I usually cut the cotton balls in half.

One thing to note is you can stuff that cotton ball pretty far down and wont damage his eardrum as their ear canals are 'L' shaped. The vet taught me to use a Q-Tip to clean Oreos ears but make sure the Q-TIP stays 90 degrees (straight up and down).


----------



## Pucks104 (Aug 16, 2012)

krandall said:


> I read that stuff about cotton balls when Kodi was little too. Like you, it didn't work for me at all! He shook his head and the cotton balls went flying! Since then, I'm just very careful about not spraying water into his ears. No problems.

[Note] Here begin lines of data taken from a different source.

(* Let $A$ be a pro-$C^*$-algebra, $H$ a Hilbert space, and let $\rho=[\rho_{ij}]_{i,j=1}^n$ and $\theta=[\theta_{ij}]_{i,j=1}^n$ be completely $n$-positive linear maps from $A$ to $L(H)$ with Stinespring representations $(\Phi_\rho,H_\rho,V_{\rho,1},\dots,V_{\rho,n})$ and $(\Phi_\theta,H_\theta,V_{\theta,1},\dots,V_{\theta,n})$. If $\theta\le\rho$, then there is $W\in L(H_\rho,H_\theta)$ such that (1) $\|W\|\le1$; (2) $WV_{\rho,i}=V_{\theta,i}$ for all $i\in\{1,\dots,n\}$; (3) $W\Phi_\rho(a)=\Phi_\theta(a)W$ for all $a\in A$.
   Context: A pro-$C^*$-algebra is a complete Hausdorff topological $*$-algebra over $\mathbb{C}$ whose topology is determined by its continuous $C^*$-seminorms. A representation of $A$ on a Hilbert space $K$ is a continuous $*$-morphism $A\to L(K)$. An $n\times n$ matrix $[\rho_{ij}]$ of continuous linear maps $A\to L(H)$ is completely $n$-positive if the map $M_n(A)\to M_n(L(H))$, $[a_{ij}]\mapsto[\rho_{ij}(a_{ij})]$, is completely positive; $\theta\le\rho$ means $\rho-\theta$ is completely $n$-positive. The Stinespring representation of $\rho$ consists of a representation $\Phi_\rho$ of $A$ on a Hilbert space $H_\rho$ and $V_{\rho,1},\dots,V_{\rho,n}\in L(H,H_\rho)$ with $\rho_{ij}(a)=V_{\rho,i}^*\Phi_\rho(a)V_{\rho,j}$ for all $a,i,j$ and $\{\Phi_\rho(a)V_{\rho,i}\xi:a\in A,\xi\in H,1\le i\le n\}$ spanning a dense subspace of $H_\rho$; it exists and is unique up to unitary equivalence. *)

theory Defs
  imports "HOL-Analysis.Analysis" "HOL-Library.Complex_Order"
begin

class complex_vector = ab_group_add +
  fixes scaleC :: "complex \<Rightarrow> 'a \<Rightarrow> 'a" (infixr \<open>*\<^sub>C\<close> 75)
  assumes scaleC_add_right: "a *\<^sub>C (x + y) = a *\<^sub>C x + a *\<^sub>C y"
    and scaleC_add_left: "(a + b) *\<^sub>C x = a *\<^sub>C x + b *\<^sub>C x"
    and scaleC_scaleC: "a *\<^sub>C (b *\<^sub>C x) = (a * b) *\<^sub>C x"
    and scaleC_one: "1 *\<^sub>C x = x"

text \<open>Complex inner product space; the inner product is conjugate-linear in the
first and linear in the second argument.\<close>
class complex_inner = complex_vector + real_normed_vector +
  fixes cinner :: "'a \<Rightarrow> 'a \<Rightarrow> complex"
  assumes scaleR_scaleC: "scaleR r x = complex_of_real r *\<^sub>C x"
    and cinner_commute: "cinner x y = cnj (cinner y x)"
    and cinner_add_right: "cinner x (y + z) = cinner x y + cinner x z"
    and cinner_scaleC_right: "cinner x (c *\<^sub>C y) = c * cinner x y"
    and cinner_ge_zero: "0 \<le> cinner x x"
    and norm_eq_sqrt_cinner: "norm x = sqrt (Re (cinner x x))"

class chilbert_space = complex_inner + complete_space

definition bounded_clinear :: "('a::complex_inner \<Rightarrow> 'b::complex_inner) \<Rightarrow> bool" where
  "bounded_clinear f \<longleftrightarrow>
     (\<forall>x y. f (x + y) = f x + f y) \<and> (\<forall>c x. f (c *\<^sub>C x) = c *\<^sub>C f x) \<and>
     (\<exists>K. \<forall>x. norm (f x) \<le> norm x * K)"

definition cadjoint :: "('a::complex_inner \<Rightarrow> 'b::complex_inner) \<Rightarrow> 'b \<Rightarrow> 'a" where
  "cadjoint T = (SOME S. \<forall>x y. cinner (S y) x = cinner y (T x))"

definition cspan :: "'a::complex_vector set \<Rightarrow> 'a set" where
  "cspan S = {\<Sum>x\<in>F. c x *\<^sub>C x | F c. finite F \<and> F \<subseteq> S}"

class complex_algebra = complex_vector + ring +
  assumes mult_scaleC_left: "(a *\<^sub>C x) * y = a *\<^sub>C (x * y)"
    and mult_scaleC_right: "x * (a *\<^sub>C y) = a *\<^sub>C (x * y)"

So it's not just me and Leo! I have been wondering how on earth to get those danged half pieces of cotton to stay in Leo's ears! :laugh:


----------



## Anna6 (Oct 21, 2012)

We are at the river right now. I tried Nina in the pool at home and she swam like a trooper. Nina is a great swimmer but so far will not go in voluntarily. She was very confused about seeing the kids and me in the water and wanted to get to me. She did jump in to get to a ball and another time to get from a raft to the shore.


----------



## MarinaGirl (Mar 25, 2012)

Emmie likes to get her feet wet in Lake Washington - it's pretty cute. The only time she's gone swimming was last summer when she walked off a dock into a pond on my friend's Christmas tree farm in Oregon. The water was almost to the level of the dock and very glassy so she was really surprised when she had to swim. Poor little baby. I hope this summer she'll try to swim again and have a more positive experience. I saw an adorable pink life vest at West Marine that I'm thinking of buying for her; I hope if she wears it she'll be more confident (and safe) in the water.
- Jeanne


----------